Are cybersecurity standards necessary for distributed energy resources?

Taking just one sip, or CIP in this case, and we might find ourselves drowning as we are forced to continue to sip from what might become a firehose. At least that is a concern I hear from individuals who fear that the cost of cyber protection could engulf us without providing us with sufficient protection. Is it possible to evolve our critical infrastructure protection (CIP) rapidly enough to secure our grid?

I have been thinking about grid security a lot lately. We have a remarkable grid that was the driver of the early growth of our global economy and that is now foundational for everything we do in our increasingly connected world. With the rapid growth in distributed energy resources (DERs) — including solar, storage, fuel cells, combined heat and power, and home energy management — we are far less reliant on central station power plants. In addition to supporting significant reductions in greenhouse gasses, DERs have, in many cases, enabled the deferral of the construction of new transmission and substation facilities, while leading to better utilization of existing assets and investments. The proliferation of DERs is increasing connectivity, improving utilization of data and creating new business opportunities and services. Clearly, the growth in DERs brings many benefits to society and to the electric utility industry. I believe that it also brings a new set of risks.

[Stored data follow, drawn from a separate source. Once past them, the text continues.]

(* Let $\alpha \in \mathbb{R}_{>0}$ with $\alpha \neq 1$, and let $M_\alpha = \{f(\alpha) \mid f(x) \in \mathbb{N}_0[x,x^{-1}]\}$ as an additive monoid. Then $M_\alpha$ is not atomic if and only if the additive monoid $(\mathbb{N}_0[\alpha],+) = \{f(\alpha) \mid f(x) \in \mathbb{N}_0[x]\}$ is antimatter or finitely generated.
   Context: $\mathbb{N}_0[x,x^{-1}]$ denotes the semiring of Laurent polynomials with coefficients in $\mathbb{N}_0$. For a reduced additive monoid, an atom is a nonzero element not expressible as a sum of two nonzero elements; the monoid is atomic if every nonzero element is a sum of atoms, and antimatter if it has no atoms. *)

theory Defs
  imports Complex_Main "HOL-Computational_Algebra.Polynomial"
begin

text \<open>Additive submonoids of an ambient commutative monoid are given by their carrier set.\<close>

definition atom :: "'a::comm_monoid_add set \<Rightarrow> 'a \<Rightarrow> bool" where
  "atom M a \<longleftrightarrow> a \<in> M \<and> a \<noteq> 0 \<and>
     \<not> (\<exists>b c. b \<in> M \<and> c \<in> M \<and> b \<noteq> 0 \<and> c \<noteq> 0 \<and> a = b + c)"

definition atomic_monoid :: "'a::comm_monoid_add set \<Rightarrow> bool" where
  "atomic_monoid M \<longleftrightarrow>
     (\<forall>x\<in>M. x \<noteq> 0 \<longrightarrow> (\<exists>xs. (\<forall>a\<in>set xs. atom M a) \<and> sum_list xs = x))"

definition antimatter :: "'a::comm_monoid_add set \<Rightarrow> bool" where
  "antimatter M \<longleftrightarrow> \<not> (\<exists>a. atom M a)"

definition fin_generated :: "real set \<Rightarrow> bool" where
  "fin_generated M \<longleftrightarrow>
     (\<exists>G. finite G \<and> G \<subseteq> M \<and> M = {\<Sum>g\<in>G. real (n g) * g | n :: real \<Rightarrow> nat. True})"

Whenever I ask proponents about the need for cybersecurity on DERs, the most common response is that cybersecurity standards are not necessary for most DERs, as they have limited reach and it would take a significant amount of time on the part of hackers to locate the vulnerabilities on a widely distributed set of resources. They also express valid concerns that applying the same cybersecurity standards to DERs that are now applied to utility-owned facilities would add significant costs, thus undermining the economics.

While I see the logic in these answers, I find them unsettling as DERs become an increasingly critical component of our electric infrastructure. We already see constant attacks on our generation plants, substations and control centers. We have taken steps to address this situation in the U.S. through the FERC-approved NERC CIP standards. New CIP standards apply to control centers that control an aggregation of DERs of at least 1500 MW in a single interconnection. I believe this is a clear indication that FERC and NERC recognize that protecting generation, including DERs, plays a role in grid security.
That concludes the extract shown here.